(The records begins)

lemma std_normal_cdf_minus: "std_normal_cdf (- x) = 1 - std_normal_cdf x"
proof -
  let ?S = "\<lambda>x. std_normal_cdf x + std_normal_cdf (- x)"
  have "\<forall>x. (?S has_real_derivative 0) (at x)"
    using DERIV_add [OF DERIV_std_normal_cdf DERIV_std_normal_cdf_compose [OF DERIV_minus [OF DERIV_ident]]]
    by (simp add: normal_density_def)
  then have const: "?S = (\<lambda>_. ?S x)"
    by (intro ext DERIV_isconst_all)
  have "(?S \<longlongrightarrow> 1 + 0) at_top"
    by (intro tendsto_add std_normal_cdf_at_top filterlim_compose [OF std_normal_cdf_at_bot]
        filterlim_uminus_at_bot_at_top)
  then have "((\<lambda>_. ?S x) \<longlongrightarrow> 1) (at_top :: real filter)"
    by (simp only: const add_0_right)
  then show ?thesis
    by (simp add: tendsto_const_iff)
qed

definition heaviside :: "real \<Rightarrow> real" where
  "heaviside b = (if b > 0 then 1 else if b < 0 then 0 else 1 / 2)"

lemma std_normal_cdf_tendsto_at_right_0:
  "((\<lambda>v. std_normal_cdf (c * v + b / v)) \<longlongrightarrow> heaviside b) (at_right 0)"
proof (cases b "0 :: real" rule: linorder_cases)
  case less
  have "filterlim (\<lambda>v. c * v + b / v) at_bot (at_right 0)"
    using less by real_asymp
  then show ?thesis
    using less by (simp add: heaviside_def filterlim_compose [OF std_normal_cdf_at_bot])
next
  case equal
  have "((\<lambda>v. std_normal_cdf (c * v)) \<longlongrightarrow> std_normal_cdf (c * 0)) (at_right 0)"
    by (intro tendsto_intros isCont_tendsto_compose [OF isCont_std_normal_cdf])
  moreover have "std_normal_cdf 0 = 1 / 2"
    using std_normal_cdf_minus [of 0] by simp
  ultimately show ?thesis
    using equal by (simp add: heaviside_def)
next
  case greater
  have "filterlim (\<lambda>v. c * v + b / v) at_top (at_right 0)"
    using greater by real_asymp
  then show ?thesis
    using greater by (simp add: heaviside_def filterlim_compose [OF std_normal_cdf_at_top])
qed

lemma std_normal_cdf_tendsto_at_top:
  assumes "c > 0"
  shows "((\<lambda>v. std_normal_cdf (c * v + b / v)) \<longlongrightarrow> 1) at_top"
  by (rule filterlim_compose [OF std_normal_cdf_at_top]) (use assms in real_asymp)

lemma std_normal_density_shift:
  assumes s: "s\<^sup>2 = a\<^sup>2 + 1" and v: "v \<noteq> 0"
  shows "exp (- (a + s) * b) * std_normal_density (s * v + - b / v) =
      exp (- v\<^sup>2 / 2) * std_normal_density (a * v + b / v)"
    and "exp ((s - a) * b) * std_normal_density (s * v + b / v) =
      exp (- v\<^sup>2 / 2) * std_normal_density (a * v + b / v)"
proof -
  have "- v\<^sup>2 / 2 - (a * v + b / v)\<^sup>2 / 2 = - (a + s) * b - (s * v + - b / v)\<^sup>2 / 2"
    using v by (simp add: power2_sum power2_diff power_mult_distrib power_divide s; simp add: field_simps)
  moreover have "- v\<^sup>2 / 2 - (a * v + b / v)\<^sup>2 / 2 = (s - a) * b - (s * v + b / v)\<^sup>2 / 2"
    using v by (simp add: power2_sum power_mult_distrib power_divide s; simp add: field_simps)
  ultimately show "exp (- (a + s) * b) * std_normal_density (s * v + - b / v) =
      exp (- v\<^sup>2 / 2) * std_normal_density (a * v + b / v)"
    and "exp ((s - a) * b) * std_normal_density (s * v + b / v) =
      exp (- v\<^sup>2 / 2) * std_normal_density (a * v + b / v)"
    by (simp_all add: std_normal_density_def mult.left_commute [of _ "1 / _"] exp_add [symmetric])
qed

text \<open>The argument \<open>s * v + - b / v\<close> is kept in the shape \<open>c * v + b / v\<close> of the limit lemmas above.\<close>

definition rayleigh_normal_primitive :: "real \<Rightarrow> real \<Rightarrow> real \<Rightarrow> real \<Rightarrow> real" where
  "rayleigh_normal_primitive a b s v =
     - exp (- v\<^sup>2 / 2) * std_normal_cdf (a * v + b / v)
     + (a - s) / (2 * s) * exp (- (a + s) * b) * std_normal_cdf (s * v + - b / v)
     + (a + s) / (2 * s) * exp ((s - a) * b) * std_normal_cdf (s * v + b / v)"

lemma DERIV_rayleigh_normal_primitive:
  assumes s: "s > 0" "s\<^sup>2 = a\<^sup>2 + 1" and v: "v > 0"
  shows "(rayleigh_normal_primitive a b s has_real_derivative
      rayleigh_density v * std_normal_cdf (a * v + b / v)) (at v)"
proof -
  let ?e = "exp (- v\<^sup>2 / 2)" and ?\<Phi> = "std_normal_cdf (a * v + b / v)"
  let ?\<phi>\<^sub>0 = "std_normal_density (a * v + b / v)" and ?w = "b / v\<^sup>2"
  let ?\<phi>\<^sub>1 = "std_normal_density (s * v + - b / v)" and ?e\<^sub>1 = "exp (- (a + s) * b)"
  let ?\<phi>\<^sub>2 = "std_normal_density (s * v + b / v)" and ?e\<^sub>2 = "exp ((s - a) * b)"
  let ?c\<^sub>1 = "(a - s) / (2 * s)" and ?c\<^sub>2 = "(a + s) / (2 * s)"
  have inner: "((\<lambda>v. c * v + d / v) has_real_derivative c - d / v\<^sup>2) (at v)" for c d
    using v by (auto intro!: derivative_eq_intros simp: power2_eq_square field_simps)
  note cdf = DERIV_std_normal_cdf_compose [OF inner]
  have gauss: "((\<lambda>v. - exp (- v\<^sup>2 / 2)) has_real_derivative v * ?e) (at v)"
    by (auto intro!: derivative_eq_intros)
  have "(rayleigh_normal_primitive a b s has_real_derivative
      v * ?e * ?\<Phi> + ?\<phi>\<^sub>0 * (a - ?w) * - ?e
      + ?c\<^sub>1 * ?e\<^sub>1 * (?\<phi>\<^sub>1 * (s - - b / v\<^sup>2)) + ?c\<^sub>2 * ?e\<^sub>2 * (?\<phi>\<^sub>2 * (s - ?w))) (at v)"
    unfolding rayleigh_normal_primitive_def [abs_def]
    by (intro DERIV_add DERIV_mult gauss DERIV_cmult cdf)
  also have "v * ?e * ?\<Phi> + ?\<phi>\<^sub>0 * (a - ?w) * - ?e
      + ?c\<^sub>1 * ?e\<^sub>1 * (?\<phi>\<^sub>1 * (s - - b / v\<^sup>2)) + ?c\<^sub>2 * ?e\<^sub>2 * (?\<phi>\<^sub>2 * (s - ?w))
    = v * ?e * ?\<Phi> - ?e * ?\<phi>\<^sub>0 * (a - ?w) + ?c\<^sub>1 * (s + ?w) * (?e\<^sub>1 * ?\<phi>\<^sub>1) + ?c\<^sub>2 * (s - ?w) * (?e\<^sub>2 * ?\<phi>\<^sub>2)"
    using s v by (simp add: field_simps)
  also have "\<dots> = v * ?e * ?\<Phi> + ?e * ?\<phi>\<^sub>0 * (?c\<^sub>1 * (s + ?w) + ?c\<^sub>2 * (s - ?w) - (a - ?w))"
    using s v by (simp only: std_normal_density_shift) (simp add: algebra_simps)
  also have "?c\<^sub>1 * (s + ?w) + ?c\<^sub>2 * (s - ?w) - (a - ?w) = 0"
    using s v by (simp add: field_simps)
  finally show ?thesis
    using v by (simp add: rayleigh_density_def)
qed

lemma rayleigh_normal_primitive_at_top:
  assumes "s > 0"
  shows "(rayleigh_normal_primitive a b s \<longlongrightarrow>
      (a - s) / (2 * s) * exp (- (a + s) * b) + (a + s) / (2 * s) * exp ((s - a) * b)) at_top"
proof -
  have "((\<lambda>v. exp (- v\<^sup>2 / 2) * std_normal_cdf (a * v + b / v)) \<longlongrightarrow> 0) at_top"
  proof (rule tendsto_sandwich [where f = "\<lambda>_. 0" and h = "\<lambda>v. exp (- v\<^sup>2 / 2)"])
    show "\<forall>\<^sub>F v in at_top. 0 \<le> exp (- v\<^sup>2 / 2) * std_normal_cdf (a * v + b / v)"
      by (simp add: std_normal_cdf_nonneg)
    show "\<forall>\<^sub>F v in at_top. exp (- v\<^sup>2 / 2) * std_normal_cdf (a * v + b / v) \<le> exp (- v\<^sup>2 / 2)"
      by (simp add: std_normal_cdf_le_1)
    show "((\<lambda>v::real. exp (- v\<^sup>2 / 2)) \<longlongrightarrow> 0) at_top"
      by real_asymp
  qed simp
  then have "(rayleigh_normal_primitive a b s \<longlongrightarrow>
      - 0 + (a - s) / (2 * s) * exp (- (a + s) * b) * 1 + (a + s) / (2 * s) * exp ((s - a) * b) * 1) at_top"
    unfolding rayleigh_normal_primitive_def [abs_def] minus_mult_left [symmetric]
    by (intro tendsto_intros std_normal_cdf_tendsto_at_top assms)
  then show ?thesis
    by simp
qed

lemma rayleigh_normal_primitive_at_right_0:
  "(rayleigh_normal_primitive a b s \<longlongrightarrow>
      - heaviside b + (a - s) / (2 * s) * exp (- (a + s) * b) * heaviside (- b)
        + (a + s) / (2 * s) * exp ((s - a) * b) * heaviside b) (at_right 0)"
proof -
  have "((\<lambda>v::real. exp (- v\<^sup>2 / 2)) \<longlongrightarrow> 1) (at_right 0)"
    by real_asymp
  then have "(rayleigh_normal_primitive a b s \<longlongrightarrow>
      - (1 * heaviside b) + (a - s) / (2 * s) * exp (- (a + s) * b) * heaviside (- b)
        + (a + s) / (2 * s) * exp ((s - a) * b) * heaviside b) (at_right 0)"
    unfolding rayleigh_normal_primitive_def [abs_def] minus_mult_left [symmetric]
    by (intro tendsto_intros std_normal_cdf_tendsto_at_right_0)
  then show ?thesis
    by simp
qed

lemma set_integral_Ioi_FTC_nonneg:
  fixes f F :: "real \<Rightarrow> real"
  assumes "\<And>x. x > 0 \<Longrightarrow> (F has_real_derivative f x) (at x)"
    and "\<And>x. x > 0 \<Longrightarrow> isCont f x"
    and "\<And>x. x > 0 \<Longrightarrow> 0 \<le> f x"
    and "(F \<longlongrightarrow> A) (at_right 0)"
    and "(F \<longlongrightarrow> B) at_top"
  shows "set_integrable lborel {0<..} f" and "(LBINT x:{0<..}. f x) = B - A"
proof -
  have Ioi: "einterval 0 \<infinity> = {0<..}"
    by (auto simp: einterval_def zero_ereal_def)
  have "((F \<circ> real_of_ereal) \<longlongrightarrow> A) (at_right 0)" "((F \<circ> real_of_ereal) \<longlongrightarrow> B) (at_left \<infinity>)"
    using assms(4,5) by (simp_all add: zero_ereal_def ereal_tendsto_simps1)
  note FTC = interval_integral_FTC_nonneg [of 0 \<infinity> F f A B, OF _ _ _ _ this]
  from FTC show "set_integrable lborel {0<..} f" and "(LBINT x:{0<..}. f x) = B - A"
    using assms(1-3)
    by (simp_all add: Ioi interval_lebesgue_integral_def zero_ereal_def)
qed

lemma isCont_rayleigh_density [continuous_intros]:
  assumes "x > 0"
  shows "isCont rayleigh_density x"
proof -
  have "\<forall>\<^sub>F v in nhds x. v * exp (- v\<^sup>2 / 2) = rayleigh_density v"
    using eventually_nhds_in_open [of "{0<..}" x] assms
    by (auto simp: rayleigh_density_def elim!: eventually_mono)
  moreover have "isCont (\<lambda>v. v * exp (- v\<^sup>2 / 2)) x"
    by (auto intro!: continuous_intros)
  ultimately show ?thesis
    by (rule isCont_cong [THEN iffD1])
qed

lemma rayleigh_density_nonneg: "0 \<le> rayleigh_density v"
  by (simp add: rayleigh_density_def)

lemma borel_measurable_rayleigh_density [measurable]: "rayleigh_density \<in> borel_measurable borel"
  unfolding rayleigh_density_def [abs_def] by measurable
(* Let $\mathbb{F}$ be an infinite field with $\operatorname{char}(\mathbb{F})\neq 2$, let $G$ be a group with a group involution $\ast$, extended $\mathbb{F}$-linearly to $\mathbb{F}G$. Suppose that $\mathbb{F}G$ is normal with respect to $\ast$. Then for all $g,h\in G$, either $gh=hg$ or $gh=g^\ast h^\ast$.
   Context: A group involution on $G$ is a map $\ast:G\to G$ with $(gh)^\ast=h^\ast g^\ast$ and $(g^\ast)^\ast=g$ for all $g,h\in G$; it is extended $\mathbb{F}$-linearly to an algebra involution of the group algebra $\mathbb{F}G$, $(\sum \alpha_g g)^\ast=\sum\alpha_g g^\ast$. The algebra $\mathbb{F}G$ is called normal (with respect to $\ast$) if $\alpha\alpha^\ast=\alpha^\ast\alpha$ for all $\alpha\in\mathbb{F}G$. *)

theory Defs
  imports "HOL-Algebra.Group"
begin

definition group_involution :: "('g, 'b) monoid_scheme \<Rightarrow> ('g \<Rightarrow> 'g) \<Rightarrow> bool" where
  "group_involution G s \<longleftrightarrow>
     (\<forall>x\<in>carrier G. s x \<in> carrier G) \<and>
     (\<forall>x\<in>carrier G. \<forall>y\<in>carrier G. s (x \<otimes>\<^bsub>G\<^esub> y) = s y \<otimes>\<^bsub>G\<^esub> s x) \<and>
     (\<forall>x\<in>carrier G. s (s x) = x)"

definition group_algebra :: "('g, 'b) monoid_scheme \<Rightarrow> ('g \<Rightarrow> 'a::field) set" where
  "group_algebra G = {\<alpha>. finite {g\<in>carrier G. \<alpha> g \<noteq> 0} \<and> (\<forall>x. x \<notin> carrier G \<longrightarrow> \<alpha> x = 0)}"

definition ga_mult :: "('g, 'b) monoid_scheme \<Rightarrow> ('g \<Rightarrow> 'a::field) \<Rightarrow> ('g \<Rightarrow> 'a) \<Rightarrow> ('g \<Rightarrow> 'a)" where
  "ga_mult G \<alpha> \<beta> = (\<lambda>x. if x \<in> carrier G
      then (\<Sum>g\<in>{g\<in>carrier G. \<alpha> g \<noteq> 0}. \<alpha> g * \<beta> (inv\<^bsub>G\<^esub> g \<otimes>\<^bsub>G\<^esub> x))
      else 0)"

text \<open>Linear extension of the involution: (\<Sum> \<alpha>_g g)* = \<Sum> \<alpha>_g g*, i.e. the coefficient at x is \<alpha>(x*).\<close>
definition ga_star :: "('g, 'b) monoid_scheme \<Rightarrow> ('g \<Rightarrow> 'g) \<Rightarrow> ('g \<Rightarrow> 'a::field) \<Rightarrow> ('g \<Rightarrow> 'a)" where
  "ga_star G s \<alpha> = (\<lambda>x. if x \<in> carrier G then \<alpha> (s x) else 0)"

definition ga_normal :: "('g, 'b) monoid_scheme \<Rightarrow> ('g \<Rightarrow> 'g) \<Rightarrow> 'a::field itself \<Rightarrow> bool" where
  "ga_normal G s _ \<longleftrightarrow> (\<forall>\<alpha>::'g \<Rightarrow> 'a \<in> group_algebra G.
      ga_mult G \<alpha> (ga_star G s \<alpha>) = ga_mult G (ga_star G s \<alpha>) \<alpha>)"

end

theory Submission
  imports Defs "HOL-Library.Function_Algebras"
begin

text \<open>Polarising the normality identity for \<open>\<alpha> = g\<close> and \<open>\<beta> = h\<^sup>*\<close> gives
  \<open>gh + h\<^sup>*g\<^sup>* = g\<^sup>*h\<^sup>* + hg\<close> in \<open>\<bbbF>G\<close>. The left-hand side has a nonzero coefficient at \<open>gh\<close>
  (it is \<open>1\<close> or \<open>2\<close>, and \<open>2 \<noteq> 0\<close> as the characteristic is not \<open>2\<close>), so \<open>gh\<close> must occur
  on the right, i.e. \<open>gh = g\<^sup>*h\<^sup>*\<close> or \<open>gh = hg\<close>.\<close>

lemma ga_mult_eq_sum_over:
  assumes "finite S" "{g\<in>carrier G. \<alpha> g \<noteq> 0} \<subseteq> S" "S \<subseteq> carrier G"
  shows "ga_mult G \<alpha> \<beta> x =
    (if x \<in> carrier G then \<Sum>g\<in>S. \<alpha> g * \<beta> (inv\<^bsub>G\<^esub> g \<otimes>\<^bsub>G\<^esub> x) else 0)"
  unfolding ga_mult_def using assms by (auto intro!: sum.mono_neutral_left)

lemma group_algebra_add:
  assumes "\<alpha> \<in> group_algebra G" "\<beta> \<in> group_algebra G"
  shows "\<alpha> + \<beta> \<in> group_algebra G"
proof -
  have "{x\<in>carrier G. (\<alpha> + \<beta>) x \<noteq> 0} \<subseteq> {x\<in>carrier G. \<alpha> x \<noteq> 0} \<union> {x\<in>carrier G. \<beta> x \<noteq> 0}"
    by auto
  then show ?thesis
    using assms unfolding group_algebra_def by (auto intro: finite_subset)
qed

lemma ga_mult_add_left:
  assumes "\<alpha> \<in> group_algebra G" "\<alpha>' \<in> group_algebra G"
  shows "ga_mult G (\<alpha> + \<alpha>') \<beta> = ga_mult G \<alpha> \<beta> + ga_mult G \<alpha>' \<beta>"
proof
  fix x
  let ?S = "{g\<in>carrier G. \<alpha> g \<noteq> 0} \<union> {g\<in>carrier G. \<alpha>' g \<noteq> 0}"
  have S: "finite ?S" "?S \<subseteq> carrier G"
    using assms by (auto simp: group_algebra_def)
  have sum_over_S: "ga_mult G \<gamma> \<beta> x =
      (if x \<in> carrier G then \<Sum>g\<in>?S. \<gamma> g * \<beta> (inv\<^bsub>G\<^esub> g \<otimes>\<^bsub>G\<^esub> x) else 0)"
    if "{g\<in>carrier G. \<gamma> g \<noteq> 0} \<subseteq> ?S" for \<gamma>
    by (rule ga_mult_eq_sum_over[OF S(1) that S(2)])
  have "ga_mult G (\<alpha> + \<alpha>') \<beta> x = ga_mult G \<alpha> \<beta> x + ga_mult G \<alpha>' \<beta> x"
    by (subst (1 2 3) sum_over_S) (auto simp: distrib_right sum.distrib)
  then show "ga_mult G (\<alpha> + \<alpha>') \<beta> x = (ga_mult G \<alpha> \<beta> + ga_mult G \<alpha>' \<beta>) x"
    by simp
qed

lemma ga_mult_add_right: "ga_mult G \<alpha> (\<beta> + \<beta>') = ga_mult G \<alpha> \<beta> + ga_mult G \<alpha> \<beta>'"
  unfolding ga_mult_def by (auto simp: distrib_left sum.distrib)

lemma ga_star_add: "ga_star G s (\<alpha> + \<beta>) = ga_star G s \<alpha> + ga_star G s \<beta>"
  unfolding ga_star_def by auto

lemma ga_star_in_group_algebra:
  assumes "group_involution G s" "\<alpha> \<in> group_algebra G"
  shows "ga_star G s \<alpha> \<in> group_algebra G"
proof -
  have "{x\<in>carrier G. ga_star G s \<alpha> x \<noteq> 0} \<subseteq> s ` {x\<in>carrier G. \<alpha> x \<noteq> 0}"
    using assms(1) unfolding group_involution_def ga_star_def by (auto intro: rev_image_eqI)
  moreover have "finite {x\<in>carrier G. \<alpha> x \<noteq> 0}"
    using assms(2) unfolding group_algebra_def by blast
  ultimately have "finite {x\<in>carrier G. ga_star G s \<alpha> x \<noteq> 0}"
    by (meson finite_imageI finite_subset)
  then show ?thesis
    unfolding group_algebra_def by (simp add: ga_star_def)
qed

lemma ga_normal_polarized:
  assumes "ga_normal G s TYPE('a::field)" "group_involution G s"
    and "\<alpha> \<in> group_algebra G" "\<beta> \<in> group_algebra G"
  shows "ga_mult G \<alpha> (ga_star G s \<beta>) + ga_mult G \<beta> (ga_star G s \<alpha>) =
    ga_mult G (ga_star G s \<alpha>) \<beta> + ga_mult G (ga_star G s \<beta>) (\<alpha> :: 'g \<Rightarrow> 'a)"
proof -
  have normal: "ga_mult G \<gamma> (ga_star G s \<gamma>) = ga_mult G (ga_star G s \<gamma>) \<gamma>"
    if "\<gamma> \<in> group_algebra G" for \<gamma> :: "'g \<Rightarrow> 'a"
    using assms(1) that unfolding ga_normal_def by blast
  have "\<alpha> + \<beta> \<in> group_algebra G"
    using assms(3,4) by (rule group_algebra_add)
  from normal[OF this] normal[OF assms(3)] normal[OF assms(4)] show ?thesis
    by (simp add: ga_star_add ga_mult_add_left assms ga_star_in_group_algebra
        ga_mult_add_right algebra_simps)
qed

definition ga_elem :: "'g \<Rightarrow> 'g \<Rightarrow> 'a::field" where
  "ga_elem a = (\<lambda>x. if x = a then 1 else 0)"

lemma ga_elem_in_group_algebra:
  assumes "a \<in> carrier G"
  shows "ga_elem a \<in> group_algebra G"
proof -
  have "{g\<in>carrier G. ga_elem a g \<noteq> 0} \<subseteq> {a}"
    by (auto simp: ga_elem_def)
  then show ?thesis
    using assms by (auto simp: group_algebra_def ga_elem_def intro: finite_subset)
qed

lemma ga_star_ga_elem:
  assumes "group_involution G s" "a \<in> carrier G"
  shows "ga_star G s (ga_elem a) = ga_elem (s a)"
  using assms unfolding ga_star_def ga_elem_def group_involution_def by metis

lemma ga_mult_ga_elem:
  assumes "group G" "a \<in> carrier G" "c \<in> carrier G"
  shows "ga_mult G (ga_elem a) (ga_elem c) = ga_elem (a \<otimes>\<^bsub>G\<^esub> c)"
proof
  fix x
  show "ga_mult G (ga_elem a) (ga_elem c) x = ga_elem (a \<otimes>\<^bsub>G\<^esub> c) x"
  proof (cases "x \<in> carrier G")
    case True
    have "(inv\<^bsub>G\<^esub> a \<otimes>\<^bsub>G\<^esub> x = c) = (x = a \<otimes>\<^bsub>G\<^esub> c)"
      using assms True by (metis group.inv_solve_left group.is_monoid monoid.m_closed)
    moreover have "ga_mult G (ga_elem a) (ga_elem c) x = ga_elem c (inv\<^bsub>G\<^esub> a \<otimes>\<^bsub>G\<^esub> x)"
      using True assms(2) by (subst ga_mult_eq_sum_over[where S = "{a}"]) (auto simp: ga_elem_def)
    ultimately show ?thesis
      by (simp add: ga_elem_def)
  next
    case False
    then have "x \<noteq> a \<otimes>\<^bsub>G\<^esub> c"
      using assms by (auto simp: group.is_monoid monoid.m_closed)
    with False show ?thesis
      by (simp add: ga_mult_def ga_elem_def)
  qed
qed

lemma two_neq_zero_if_CHAR_neq_2:
  assumes "CHAR('a::idom) \<noteq> 2"
  shows "(2::'a) \<noteq> 0"
proof
  assume "(2::'a) = 0"
  then have "of_nat 2 = (0::'a)"
    by simp
  then have "CHAR('a) dvd 2"
    by (simp only: of_nat_eq_0_iff_char_dvd)
  then have "CHAR('a) \<le> 2" "CHAR('a) \<noteq> 0"
    by (auto dest: dvd_imp_le intro!: Nat.gr0I)
  with assms CHAR_not_1' show False
    by (metis One_nat_def le_Suc_eq le_zero_eq numeral_2_eq_2)
qed

theorem lemma3:
  fixes G :: "('g, 'b) monoid_scheme" and s :: "'g \<Rightarrow> 'g"
  assumes "group G"
    and "infinite (UNIV :: 'a::field set)"
    and "CHAR('a) \<noteq> 2"
    and "group_involution G s"
    and "ga_normal G s TYPE('a)"
  shows "\<forall>g\<in>carrier G. \<forall>h\<in>carrier G.
           g \<otimes>\<^bsub>G\<^esub> h = h \<otimes>\<^bsub>G\<^esub> g \<or> g \<otimes>\<^bsub>G\<^esub> h = s g \<otimes>\<^bsub>G\<^esub> s h"
proof (intro ballI)
  fix g h assume g: "g \<in> carrier G" and h: "h \<in> carrier G"
  have sh: "s h \<in> carrier G" and ssh: "s (s h) = h"
    using assms(4) h unfolding group_involution_def by auto
  have sg: "s g \<in> carrier G"
    using assms(4) g unfolding group_involution_def by auto
  have "ga_mult G (ga_elem g) (ga_elem h) + ga_mult G (ga_elem (s h)) (ga_elem (s g)) =
      ga_mult G (ga_elem (s g)) (ga_elem (s h)) + ga_mult G (ga_elem h) (ga_elem g :: 'g \<Rightarrow> 'a)"
    using ga_normal_polarized[OF assms(5,4) ga_elem_in_group_algebra[OF g]
        ga_elem_in_group_algebra[OF sh]]
    by (simp add: ga_star_ga_elem assms(4) g sh ssh)
  then have "ga_elem (g \<otimes>\<^bsub>G\<^esub> h) + ga_elem (s h \<otimes>\<^bsub>G\<^esub> s g) =
      ga_elem (s g \<otimes>\<^bsub>G\<^esub> s h) + (ga_elem (h \<otimes>\<^bsub>G\<^esub> g) :: 'g \<Rightarrow> 'a)"
    by (simp add: ga_mult_ga_elem assms(1) g h sg sh)
  from fun_cong[OF this, of "g \<otimes>\<^bsub>G\<^esub> h"] two_neq_zero_if_CHAR_neq_2[OF assms(3)]
  show "g \<otimes>\<^bsub>G\<^esub> h = h \<otimes>\<^bsub>G\<^esub> g \<or> g \<otimes>\<^bsub>G\<^esub> h = s g \<otimes>\<^bsub>G\<^esub> s h"
    by (auto simp: ga_elem_def split: if_splits)
qed

end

(The records ends)

▶ **Task to complete**: Write down, word for word, the lines above from the one containing "- heaviside b" through the one containing "2) = rayleigh_density", both ends included.

▶ **Exercise result**:
      - heaviside b + (a - s) / (2 * s) * exp (- (a + s) * b) * heaviside (- b)
        + (a + s) / (2 * s) * exp ((s - a) * b) * heaviside b) (at_right 0)"
proof -
  have "((\<lambda>v::real. exp (- v\<^sup>2 / 2)) \<longlongrightarrow> 1) (at_right 0)"
    by real_asymp
  then have "(rayleigh_normal_primitive a b s \<longlongrightarrow>
      - (1 * heaviside b) + (a - s) / (2 * s) * exp (- (a + s) * b) * heaviside (- b)
        + (a + s) / (2 * s) * exp ((s - a) * b) * heaviside b) (at_right 0)"
    unfolding rayleigh_normal_primitive_def [abs_def] minus_mult_left [symmetric]
    by (intro tendsto_intros std_normal_cdf_tendsto_at_right_0)
  then show ?thesis
    by simp
qed

lemma set_integral_Ioi_FTC_nonneg:
  fixes f F :: "real \<Rightarrow> real"
  assumes "\<And>x. x > 0 \<Longrightarrow> (F has_real_derivative f x) (at x)"
    and "\<And>x. x > 0 \<Longrightarrow> isCont f x"
    and "\<And>x. x > 0 \<Longrightarrow> 0 \<le> f x"
    and "(F \<longlongrightarrow> A) (at_right 0)"
    and "(F \<longlongrightarrow> B) at_top"
  shows "set_integrable lborel {0<..} f" and "(LBINT x:{0<..}. f x) = B - A"
proof -
  have Ioi: "einterval 0 \<infinity> = {0<..}"
    by (auto simp: einterval_def zero_ereal_def)
  have "((F \<circ> real_of_ereal) \<longlongrightarrow> A) (at_right 0)" "((F \<circ> real_of_ereal) \<longlongrightarrow> B) (at_left \<infinity>)"
    using assms(4,5) by (simp_all add: zero_ereal_def ereal_tendsto_simps1)
  note FTC = interval_integral_FTC_nonneg [of 0 \<infinity> F f A B, OF _ _ _ _ this]
  from FTC show "set_integrable lborel {0<..} f" and "(LBINT x:{0<..}. f x) = B - A"
    using assms(1-3)
    by (simp_all add: Ioi interval_lebesgue_integral_def zero_ereal_def)
qed

lemma isCont_rayleigh_density [continuous_intros]:
  assumes "x > 0"
  shows "isCont rayleigh_density x"
proof -
  have "\<forall>\<^sub>F v in nhds x. v * exp (- v\<^sup>2 / 2) = rayleigh_density v"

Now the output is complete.